A new home for two local families also stands as a public model of energy efficiency and affordability.
Andrew Mollenbeck, wtop.com
WASHINGTON – A new home for two local families also stands as a public model of energy efficiency and affordability.
Empowerhouse, located in the Deanwood neighborhood of Northeast, was designed by college students for the U.S. Department of Energy’s Solar Decathlon competition.
But its afterlife has become a new beginning for families in the District.
“It was, like, surreal when I stepped into the finished product,” says Lakiya Culley, who will move in in January with her three sons.
“I was amazed. It was more than I could even imagine,” she says.
A second family will move from public housing into the adjoining three-bedroom home.
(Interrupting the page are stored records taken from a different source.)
text \<open>First choose \<open>m\<close> with \<open>f\<^sub>m U\<^sub>2\<close> meeting \<open>U\<^sub>1\<close> and \<open>V\<^sub>1\<close>, then a common \<open>n\<close> sending
  \<open>U\<^sub>2 \<inter> f\<^sub>m\<^sup>-\<^sup>1 U\<^sub>1\<close> into both \<open>V\<^sub>2\<close> and \<open>f\<^sub>m\<^sup>-\<^sup>1 V\<^sub>1\<close>; commuting \<open>f\<^sub>m\<close> and \<open>f\<^sub>n\<close> turns the
  second hit into a point of \<open>f\<^sub>n U\<^sub>1 \<inter> V\<^sub>1\<close>.\<close>
lemma na_transitive_induced_imp_na_weakly_mixing:
  fixes f :: "nat \<Rightarrow> 'a::topological_space \<Rightarrow> 'a"
  assumes tr: "na_transitive vietoris (induced f)"
    and cont: "\<And>n. continuous_on UNIV (fcomp_seq f n)"
    and comm: "\<And>m n. fcomp_seq f m \<circ> fcomp_seq f n = fcomp_seq f n \<circ> fcomp_seq f m"
  shows "na_weakly_mixing euclidean f"
  unfolding na_weakly_mixing_def open_openin[symmetric]
proof (intro allI impI, elim conjE)
  fix U\<^sub>1 U\<^sub>2 V\<^sub>1 V\<^sub>2 :: "'a set"
  assume U\<^sub>1: "open U\<^sub>1" "U\<^sub>1 \<noteq> {}" and U\<^sub>2: "open U\<^sub>2" "U\<^sub>2 \<noteq> {}"
    and V\<^sub>1: "open V\<^sub>1" "V\<^sub>1 \<noteq> {}" and V\<^sub>2: "open V\<^sub>2" "V\<^sub>2 \<noteq> {}"
  obtain m where "fcomp_seq f m ` U\<^sub>2 \<inter> U\<^sub>1 \<noteq> {}" "fcomp_seq f m ` U\<^sub>2 \<inter> V\<^sub>1 \<noteq> {}"
    using na_transitive_induced_meets_two[OF tr U\<^sub>2 U\<^sub>1 V\<^sub>1] by blast
  then have ne: "U\<^sub>2 \<inter> fcomp_seq f m -` U\<^sub>1 \<noteq> {}" "fcomp_seq f m -` V\<^sub>1 \<noteq> {}"
    by auto
  have op: "open (U\<^sub>2 \<inter> fcomp_seq f m -` U\<^sub>1)" "open (fcomp_seq f m -` V\<^sub>1)"
    using U\<^sub>1(1) U\<^sub>2(1) V\<^sub>1(1) by (auto intro!: open_Int open_vimage cont)
  obtain n where n: "n \<ge> 1"
    "fcomp_seq f n ` (U\<^sub>2 \<inter> fcomp_seq f m -` U\<^sub>1) \<inter> V\<^sub>2 \<noteq> {}"
    "fcomp_seq f n ` (U\<^sub>2 \<inter> fcomp_seq f m -` U\<^sub>1) \<inter> fcomp_seq f m -` V\<^sub>1 \<noteq> {}"
    using na_transitive_induced_meets_two[OF tr op(1) ne(1) V\<^sub>2 op(2) ne(2)] by blast
  then have "fcomp_seq f n ` U\<^sub>2 \<inter> V\<^sub>2 \<noteq> {}"
    by blast
  moreover obtain z where "fcomp_seq f m z \<in> U\<^sub>1" "fcomp_seq f m (fcomp_seq f n z) \<in> V\<^sub>1"
    using n(3) by blast
  then have "fcomp_seq f n ` U\<^sub>1 \<inter> V\<^sub>1 \<noteq> {}"
    using fun_cong[OF comm[of m n], of z] by auto
  ultimately show "\<exists>n\<ge>1. fcomp_seq f n ` U\<^sub>1 \<inter> V\<^sub>1 \<noteq> {} \<and> fcomp_seq f n ` U\<^sub>2 \<inter> V\<^sub>2 \<noteq> {}"
    using n(1) by blast
qed

theorem theorem3p2:
  fixes f :: "nat \<Rightarrow> 'a::metric_space \<Rightarrow> 'a"
  assumes "compact (UNIV :: 'a set)"
    and "\<And>n. n \<ge> 1 \<Longrightarrow> continuous_on UNIV (f n)"
    and "\<And>i j. i \<ge> 1 \<Longrightarrow> j \<ge> 1 \<Longrightarrow> f i \<circ> f j = f j \<circ> f i"
  shows "(na_weakly_mixing euclidean f \<longleftrightarrow> na_weakly_mixing vietoris (induced f))
       \<and> (na_weakly_mixing vietoris (induced f) \<longleftrightarrow> na_transitive vietoris (induced f))"
proof -
  have cont: "\<And>n. continuous_on UNIV (fcomp_seq f n)"
    using assms(2) by (rule continuous_on_fcomp_seq)
  have comm: "\<And>m n. fcomp_seq f m \<circ> fcomp_seq f n = fcomp_seq f n \<circ> fcomp_seq f m"
    using assms(3) by (rule fcomp_seq_commute)
  have "na_weakly_mixing euclidean f \<Longrightarrow> na_weakly_mixing vietoris (induced f)"
    by (rule na_weakly_mixing_induced[OF _ cont comm])
  moreover have "na_weakly_mixing vietoris (induced f) \<Longrightarrow> na_transitive vietoris (induced f)"
    by (rule na_weakly_mixing_imp_na_transitive)
  moreover have "na_transitive vietoris (induced f) \<Longrightarrow> na_weakly_mixing euclidean f"
    by (rule na_transitive_induced_imp_na_weakly_mixing[OF _ cont comm])
  ultimately show ?thesis by blast
qed

end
The families will go through a home ownership program and purchase the houses for $220,000, says Teresa Hamm, senior project manager at Habitat for Humanity of Washington, D.C.
“This project fulfills a longstanding vision of our team to create a house that would endure in a meaningful way after the Solar Decathlon was over,” Joel Towers, executive dean of Parsons The New School for Design, said in a statement.
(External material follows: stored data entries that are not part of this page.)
lemma qfact_gamma_polynomial:
  "\<exists>p :: rat poly. (\<forall>q. poly p (of_nat q) = of_int (qfact_gamma q i)) \<and> degree p = 2 * i \<and>
       coeff p (2 * i) = (-1) ^ i / fact i"
proof -
  have "\<forall>k. \<exists>P. (\<forall>q. poly P (of_nat q) = of_int (ffact_coeff k q)) \<and> degree P \<le> 2 * k \<and>
      coeff P (2 * k) = exp_neg_half_coeff k"
    using ffact_coeff_polynomial by blast
  from choice[OF this] obtain P where P: "\<And>k q. poly (P k) (of_nat q) = of_int (ffact_coeff k q)"
    "\<And>k. degree (P k) \<le> 2 * k" "\<And>k. coeff (P k) (2 * k) = exp_neg_half_coeff k"
    by blast
  have deg_P: "degree (P k) = 2 * k" for k
    using P(2)[of k] le_degree[of "P k" "2 * k"] P(3)[of k]
    by (simp add: exp_neg_half_coeff_def)
  define p where "p = (\<Sum>k\<le>i. P k * P (i - k))"
  have "coeff p (2 * i) = (\<Sum>k\<le>i. exp_neg_half_coeff k * exp_neg_half_coeff (i - k))"
    unfolding p_def coeff_sum
  proof (intro sum.cong refl)
    fix k assume "k \<in> {..i}"
    then have "2 * i = degree (P k) + degree (P (i - k))" by (simp add: deg_P)
    then show "coeff (P k * P (i - k)) (2 * i) = exp_neg_half_coeff k * exp_neg_half_coeff (i - k)"
      by (simp only: coeff_mult_degree_sum) (simp add: deg_P P(3))
  qed
  then have coeff_p: "coeff p (2 * i) = (-1) ^ i / fact i"
    by (simp add: exp_neg_half_coeff_convolution)
  have "degree p \<le> 2 * i"
    unfolding p_def by (intro degree_sum_le) (auto intro: order.trans[OF degree_mult_le] simp: deg_P)
  with coeff_p have "degree p = 2 * i"
    by (metis le_antisym le_degree divide_eq_0_iff fact_nonzero power_eq_0_iff zero_neq_neg_one)
  moreover have "poly p (of_nat q) = of_int (qfact_gamma q i)" for q
    by (simp add: p_def poly_sum P(1) qfact_gamma_eq_convolution)
  ultimately show ?thesis
    using coeff_p by blast
qed

lemma qfact_gamma_eq_0:
  assumes "1 \<le> i" and "2 * j \<le> i + 1"
  shows "qfact_gamma j i = 0"
proof -
  have terms_zero: "ffact_coeff k j * ffact_coeff (i - k) j = 0" if "k \<le> i" for k
  proof (cases "j < k \<or> j < i - k")
    case True
    then show ?thesis by (auto simp: ffact_coeff_eq_0)
  next
    case False
    with assms that have "k = j \<or> i - k = j" and "j \<noteq> 0" by linarith+
    then show ?thesis
      using ffact_coeff_Suc_diag[of "j - 1"] by auto
  qed
  then show ?thesis
    unfolding qfact_gamma_eq_convolution by (intro sum.neutral) auto
qed

lemma nat_ceiling_half: "nat \<lceil>real i / 2\<rceil> = (i + 1) div 2"
proof -
  have "\<lceil>real i / 2\<rceil> = - (- int i div 2)"
    using ceiling_divide_eq_div[of "int i" 2] by simp
  also have "\<dots> = int ((i + 1) div 2)"
    by presburger
  finally show ?thesis by simp
qed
Both units of the house are “site net-zero,” meaning they produce as much energy as they consume in the course of a year.
It is the first Passive House in the District, a designation as the leading international energy standard.
“It changes our lives significantly,” says Culley, who works as a secretary for the State Department.
The home is said to consume 90 percent less energy for heating and cooling than a typical home.
Affordability is the other key in the team’s design.